Source Transformation

In this article, we will study about the source transformation, i.e. voltage source to current source transformation and current source to voltage source transformation in detail.

An energy source is a type of active circuit element that can provide excitation to the circuit. In simple words, an energy source is a circuit element that can deliver power to the circuit.

In electrical engineering, we come across two types of energy sources namely,

• Voltage sources
• Current sources

A voltage source is a type of energy source that maintains a constant voltage across its terminals whatever current may be drawn from it. Therefore, for a voltage, the terminal voltage remains constant and it is independent of the current taken from the source.

On the other hand, a current source is one which delivers a constant current to the circuit and this current is independent of the voltage across its terminals.

However, based on the internal resistance, the voltage and current sources are further classified into the following types:

• Ideal voltage source
• Practical/real voltage source
• Ideal current source
• Practical/real voltage source

An ideal voltage source is one whose internal resistance is zero, while a practical voltage source has an internal resistance of finite value in series with the ideal voltage source.

An ideal current source is the type of current source for which the internal resistance is infinite, whereas a practical current source has some finite resistance that is connected in parallel with an ideal current source.

Although, a practical voltage source can be converted into a practical current source and a practical current source can be converted into a practical voltage source by the source transformation technique. The source transformation is sometimes very helpful in simplifying the electrical circuit during circuit analysis.

Voltage Source to Current Source Transformation

According to source transformation theory, a practical or real voltage source of voltage V volts in series with an internal resistance R_i­v can be replaced with a current source of current I_s in parallel with an internal resistance R_ic.

Where,

`\I_s=V/R_{iv}"     and   "R_{ic}=R_{iv}`

It always should be kept in mind that the direction of current of the current source should not be changed at the load terminals, i.e. the current should be leaving from the positive terminal.

Proof:

It can be easily proved that the above two parameters (I_s and R_ic) are technically valid. For this consider a transformation circuit of a voltage source into a current source (refer to the above figure).

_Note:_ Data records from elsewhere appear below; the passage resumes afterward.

lemma fs_update_regret_bound:
  fixes p l q :: "nat \<Rightarrow> real" and e e' :: real
  assumes d_pos: "d \<ge> 1" and p_pos: "\<forall>i<d. 0 < p i" and p_sum: "(\<Sum>i<d. p i) = 1"
    and l_range: "\<forall>i<d. 0 \<le> l i \<and> l i \<le> 1"
    and q_sum: "(\<Sum>i<d. q i) = 1"
    and e_pos: "0 < e" and e_le: "e \<le> e'"
  shows "(\<Sum>i<d. (p i - q i) * l i)
    \<le> (\<Sum>i<d. q i * (1 / e' * ln (1 / p i) - 1 / e * ln (1 / fs_update d e' e l p i)))
      + (1 / e - 1 / e') * ln (real d) + e' / 8"
proof -
  define W where "W = fs_partition d e' e l p"
  have "(\<Sum>i<d. q i * (1 / e' * ln (1 / p i) - 1 / e * ln (1 / fs_update d e' e l p i)))
      = (\<Sum>i<d. - q i * (ln W / e) - q i * l i)"
  proof (intro sum.cong refl)
    fix i assume "i \<in> {..<d}"
    then have i: "i < d" by simp
    have "ln (1 / p i) = - ln (p i)" using p_pos i by (simp add: ln_div)
    then show "q i * (1 / e' * ln (1 / p i) - 1 / e * ln (1 / fs_update d e' e l p i))
        = - q i * (ln W / e) - q i * l i"
      unfolding ln_inverse_fs_update[OF d_pos p_pos i] W_def using e_pos e_le
      by (simp add: field_simps)
  qed
  also have "\<dots> = - (ln W / e) - (\<Sum>i<d. q i * l i)"
    using q_sum by (simp add: sum_subtractf sum_negf flip: sum_distrib_right times_divide_eq_right)
  finally have rhs: "(\<Sum>i<d. q i * (1 / e' * ln (1 / p i) - 1 / e * ln (1 / fs_update d e' e l p i)))
      = - (ln W / e) - (\<Sum>i<d. q i * l i)" .
  have lhs: "(\<Sum>i<d. (p i - q i) * l i) = (\<Sum>i<d. p i * l i) - (\<Sum>i<d. q i * l i)"
    by (simp add: left_diff_distrib sum_subtractf)
  show ?thesis
    using rhs lhs ln_fs_partition_bound[OF d_pos p_pos p_sum l_range e_pos e_le]
    unfolding W_def by linarith
qed
lemma precedes_bubble_cover:
  assumes "lt c b" "distinct (c # b # rest)" "order_compatible (c # b # rest)"
    and "\<forall>y. lt c y \<longrightarrow> y \<in> set (b # rest)"
    and "z \<in> up_set c \<Longrightarrow> x \<in> up_set c"
    and IH: "x \<noteq> c \<Longrightarrow> z \<noteq> c \<Longrightarrow> (z \<in> up_set b \<Longrightarrow> x \<in> up_set b) \<Longrightarrow>
      precedes (bubble lt (b # rest)) x z \<longleftrightarrow> precedes_promoted b (b # rest) x z"
  shows "precedes (bubble lt (c # b # rest)) x z \<longleftrightarrow> precedes_promoted c (c # b # rest) x z"
proof -
  have b_cover: "covers lt c b"
    using covers_second[OF assms(1-4)] .
  have up_eq: "y \<in> up_set c \<longleftrightarrow> y \<in> up_set b" if "y \<noteq> c" for y
    using up_set_second[OF assms(1-4) that] .
  have bubble: "bubble lt (c # b # rest) = c # bubble lt (b # rest)"
    using assms(1) by simp
  have drop_c: "precedes (c # b # rest) u v \<longleftrightarrow> precedes (b # rest) u v" if "u \<noteq> c" for u v
    using that by simp
  have c_notin: "c \<notin> set (b # rest)"
    using assms(2) by simp
  consider "x = c" | "z = c" "x \<noteq> c" | "x \<noteq> c" "z \<noteq> c"
    by blast
  then show ?thesis
  proof cases
    case 1
    have b_up: "b \<in> up_set c"
      using assms(1) by (simp add: up_set_def)
    have "(\<exists>p. covers lt c p \<and> precedes (c # b # rest) p z) \<longleftrightarrow> precedes (c # b # rest) b z"
      using b_cover covers_unique by blast
    moreover have "precedes (c # b # rest) b z \<longleftrightarrow> z \<in> set (b # rest)" if "z \<notin> up_set c"
      using that b_up assms(2) by (auto dest: precedes_in_set)
    moreover have "c \<in> up_set c"
      by (simp add: up_set_def)
    moreover have "precedes (c # b # rest) c z \<longleftrightarrow> z \<in> set (b # rest)"
      using c_notin by (auto dest: precedes_in_set)
    moreover have "precedes (bubble lt (c # b # rest)) c z \<longleftrightarrow> z \<in> set (b # rest)"
      using bubble c_notin by (auto dest: precedes_in_set)
    ultimately show ?thesis
      using 1 by (cases "z \<in> up_set c") (simp_all add: precedes_promoted_def)
  next
    case 2
    then have "x \<in> up_set c"
      using assms(5) by (simp add: up_set_def)
    moreover have "\<not> precedes (bubble lt (c # b # rest)) x c" "\<not> precedes (c # b # rest) x c"
      using 2 bubble c_notin by (auto dest: precedes_in_set)
    ultimately show ?thesis
      using 2 by (simp add: precedes_promoted_def up_set_def)
  next
    case 3
    have "p \<noteq> c" if "x \<in> up_set c" "covers lt x p" for p
      using that up_set_lt covers_imp_lt lt_irrefl by blast
    then have "precedes_promoted b (b # rest) x z \<longleftrightarrow> precedes_promoted c (c # b # rest) x z"
      using 3 up_eq drop_c unfolding precedes_promoted_def by (metis (no_types, lifting))
    moreover have "z \<in> up_set b \<Longrightarrow> x \<in> up_set b"
      using 3 up_eq assms(5) by blast
    ultimately show ?thesis
      using 3 IH bubble by simp
  qed
qed

lemma order_compatible_tl: "distinct (c # l) \<Longrightarrow> order_compatible (c # l) \<Longrightarrow> order_compatible l"
  unfolding order_compatible_def by auto

lemma order_compatible_drop_second:
  "distinct (c # b # l) \<Longrightarrow> order_compatible (c # b # l) \<Longrightarrow> order_compatible (c # l)"
  unfolding order_compatible_def by auto
(* Let $C$ be an absolutely continuous bivariate copula with density $c(x,y)$, and suppose there is a real number $K>0$ such that $c(x,y)\ge K$ on a subset of $[0,1]^2$ of Lebesgue measure $1$. Then for every positive integer $n$, the density $c^n$ of the $n$-fold product $C^n$ satisfies $c^n(x,y)\ge K^n$ (on a set of Lebesgue measure $1$), and $C^n(x,y)\ge xyK^n$ for all $(x,y)\in[0,1]^2$.
   Context: A bivariate copula is a bivariate distribution function on $[0,1]^2$ with uniform marginals on $[0,1]$. For copulas $C,D$, the fold product is $C*D(x,y)=\int_0^1 C_{,2}(x,t)D_{,1}(t,y)\,dt$, where $C_{,i}$ denotes the partial derivative with respect to the $i$-th variable. The $n$-fold product is defined by $C^1=C$ and $C^n=C^{n-1}*C$ for $n>1$; $c^n$ denotes the density of $C^n$. *)

theory Defs
  imports "HOL-Analysis.Analysis"
begin

text \<open>A bivariate copula, represented as a real function of two real variables;
  only its values on the unit square matter.\<close>
definition is_copula :: "(real \<Rightarrow> real \<Rightarrow> real) \<Rightarrow> bool" where
  "is_copula C \<longleftrightarrow>
     (\<forall>u\<in>{0..1}. C u 0 = 0 \<and> C 0 u = 0 \<and> C u 1 = u \<and> C 1 u = u) \<and>
     (\<forall>x1 x2 y1 y2. 0 \<le> x1 \<and> x1 \<le> x2 \<and> x2 \<le> 1 \<and> 0 \<le> y1 \<and> y1 \<le> y2 \<and> y2 \<le> 1 \<longrightarrow>
        C x2 y2 - C x2 y1 - C x1 y2 + C x1 y1 \<ge> 0)"

definition is_density :: "(real \<Rightarrow> real \<Rightarrow> real) \<Rightarrow> (real \<times> real \<Rightarrow> real) \<Rightarrow> bool" where
  "is_density C d \<longleftrightarrow>
     set_integrable lborel ({0..1} \<times> {0..1}) d \<and>
     (\<forall>x\<in>{0..1}. \<forall>y\<in>{0..1}. C x y = set_lebesgue_integral lborel ({0..x} \<times> {0..y}) d)"

definition fold_prod :: "(real \<Rightarrow> real \<Rightarrow> real) \<Rightarrow> (real \<Rightarrow> real \<Rightarrow> real) \<Rightarrow> real \<Rightarrow> real \<Rightarrow> real" where
  "fold_prod C D x y =
     set_lebesgue_integral lebesgue {0..1} (\<lambda>t. deriv (\<lambda>s. C x s) t * deriv (\<lambda>s. D s y) t)"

Here, we can follow the following step to prove the conversion of a real voltage source into a real current source:

Step 1 – In order to find the value of I_s, short circuit the load terminals (x-y) of the voltage source (refer to the left figure shown below)  and calculate the short circuit current I_vsc as:

`\I_{vsc}=V/R_{iv}`

Step 2 – Short circuit the load terminals of the current source (refer to the right figure shown above) and calculate the short circuit current I_csc as:

`\I_{csc}=I_s`

It is because the current always follows the path of low resistance. Hence, the total source current ideally flows through the short circuit.

Step 3 – Two sources are identical if currents at the load terminals are the same, i.e.

`\I_{vsc}=I_{csc}`

`\⟹V/R_{iv} =I_s`

Step 4 – Now to prove that R_iv = R_ic, open the load terminals of both the voltage source and current source and deactivate the sources (i.e. short-circuit the voltage source and open circuit the current source) refer to the below figures. Then, calculate the resistance of both the circuit viewing from the load terminals x-y. 

Therefore, we have,

`\R_{vxy}=R_{iv}`

And

`\R_{cxy}=R_{ic}`

Step 5 – Again two sources are identical if their resistances viewing from the load terminals are equal, i.e.

`\R_{vxy}=R_{cxy}`

`\∴R_{iv}=R_{ic}`

Hence, in this way, we can prove that a real voltage source can be transformed into a real current source.

Current Source to Voltage Source Transformation

By using the source transformation technique, we can also convert a practical current source into a practical voltage source.

According to this, a real current source with source current I and a parallel internal resistance R_ic can be converted into a real voltage source of voltage V and a series internal resistance R_iv, where,

`\V=IR_{ic}`

And

`\R_{iv}=R_{ic}`

This can also be proved in the same way as the proof of voltage-to-current source transformation.

Numerical example – A voltage source of 12 V having an internal resistance of 2 ohms, it is required to transform it into an equivalent current source. Calculate the current and internal resistance of the equivalent current source.

Solution –

For the voltage source,

`\V=12" V"`

`\R_iv=2" Ω"`

Now, the current and internal resistance of the equivalent current source will be,

`\I_S=V/R_{iv} =12/2=6" A"`

And

`\R_{ic}=R_{iv}=2" Ω"`

Hence, I_s and R_ic will be connected in parallel to obtain the current source equivalent to the given voltage source.

Therefore, in this article, we have discussed everything about source transformation along with proof of statements and solved numerical examples.